lemma quad_form_le_by_homogeneity:
  assumes "\<And>y. sq_norm n y = 1 \<Longrightarrow> quad_form n a y \<le> M"
  shows "quad_form n a x \<le> M * sq_norm n x"
proof (cases "sq_norm n x = 0")
  case True
  then have "quad_form n a x = quad_form n a (\<lambda>_. 0)"
    by (intro quad_form_cong) (simp add: sq_norm_eq_0_iff)
  then show ?thesis using True by (simp add: quad_form_def)
next
  case False
  then have pos: "0 < sq_norm n x" using sq_norm_nonneg[of n x] by simp
  define c where "c = 1 / sqrt (sq_norm n x)"
  have c2: "c\<^sup>2 = 1 / sq_norm n x" using pos by (simp add: c_def power_divide)
  have "sq_norm n (\<lambda>i. c * x i) = 1" using pos by (simp add: sq_norm_scale c2)
  then have "c\<^sup>2 * quad_form n a x \<le> M" using assms quad_form_scale by metis
  then show ?thesis using pos by (simp add: c2 divide_le_eq mult.commute)
qed

lemma quad_form_attains_max_on_sphere:
  assumes "0 < n"
  shows "\<exists>x0. sq_norm n x0 = 1 \<and> (\<forall>y. sq_norm n y = 1 \<longrightarrow> quad_form n a y \<le> quad_form n a x0)"
proof -
  define box where "box = Pi UNIV (\<lambda>i. if i < n then {-1..(1::real)} else {0})"
  define K where "K = box \<inter> {x. sq_norm n x = 1}"
  have "compact box"
  proof -
    have "compactin (product_topology (\<lambda>_. euclideanreal) UNIV)
        (PiE UNIV (\<lambda>i. if i < n then {-1..(1::real)} else {0}))"
      by (subst compactin_PiE) auto
    then show ?thesis unfolding box_def euclidean_product_topology PiE_UNIV_domain by simp
  qed
  moreover have "closed {x. sq_norm n x = 1}"
    unfolding sq_norm_def
    by (intro closed_Collect_eq continuous_intros continuous_on_product_coordinates)
  ultimately have "compact K" unfolding K_def by (rule compact_Int_closed)
  have truncate_in_K: "(\<lambda>i. if i < n then y i else 0) \<in> K" if "sq_norm n y = 1" for y
  proof -
    have "\<bar>y i\<bar> \<le> 1" if "i < n" for i
    proof -
      have "(y i)\<^sup>2 \<le> sq_norm n y" unfolding sq_norm_def using \<open>i < n\<close> by (intro member_le_sum) auto
      then show ?thesis using \<open>sq_norm n y = 1\<close> by (simp add: abs_square_le_1)
    qed
    moreover have "sq_norm n (\<lambda>i. if i < n then y i else 0) = 1"
      using \<open>sq_norm n y = 1\<close> by (subst sq_norm_cong[where y = y]) auto
    ultimately show ?thesis unfolding K_def box_def by (auto simp: abs_le_iff)
  qed
  have "sq_norm n (\<lambda>i. if i = 0 then 1 else 0) = 1" using assms by (rule sq_norm_unit_vec)
  then have "K \<noteq> {}" using truncate_in_K by blast
  moreover have "continuous_on UNIV (quad_form n a)"
    unfolding quad_form_def by (intro continuous_intros continuous_on_product_coordinates)
  then have "continuous_on K (quad_form n a)" by (rule continuous_on_subset) simp
  ultimately obtain x0 where x0: "x0 \<in> K" "\<And>y. y \<in> K \<Longrightarrow> quad_form n a y \<le> quad_form n a x0"
    using continuous_attains_sup[OF \<open>compact K\<close>] by blast
  have "quad_form n a y \<le> quad_form n a x0" if "sq_norm n y = 1" for y
    using x0(2)[OF truncate_in_K[OF that]] by (subst (asm) quad_form_cong[where y = y]) auto
  then show ?thesis using x0(1) unfolding K_def by blast
qed

lemma linear_coeff_eq_0_if_nonpos:
  fixes c k :: real
  assumes "\<And>t. 2 * t * c + t\<^sup>2 * k \<le> 0"
  shows "c = 0"
proof (rule ccontr)
  assume "c \<noteq> 0"
  define l where "l = \<bar>k\<bar> + 1"
  have "0 < l" "0 < 2 * l + k" unfolding l_def by auto
  moreover have "2 * (c / l) * c + (c / l)\<^sup>2 * k = (2 * l + k) * (c\<^sup>2 / l\<^sup>2)"
    using \<open>0 < l\<close> by (simp add: power2_eq_square field_simps)
  ultimately have "0 < 2 * (c / l) * c + (c / l)\<^sup>2 * k" using \<open>c \<noteq> 0\<close> by simp
  then show False using assms[of "c / l"] by simp
qed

+ + + + + + +

#### PROBLEM TO WORK ON
Search the records for the word "blast". Copy every line that has it.

#### SOLUTION TO THIS EXERCISE
  then have "K \<noteq> {}" using truncate_in_K by blast
    using continuous_attains_sup[OF \<open>compact K\<close>] by blast
  then show ?thesis using x0(1) unfolding K_def by blast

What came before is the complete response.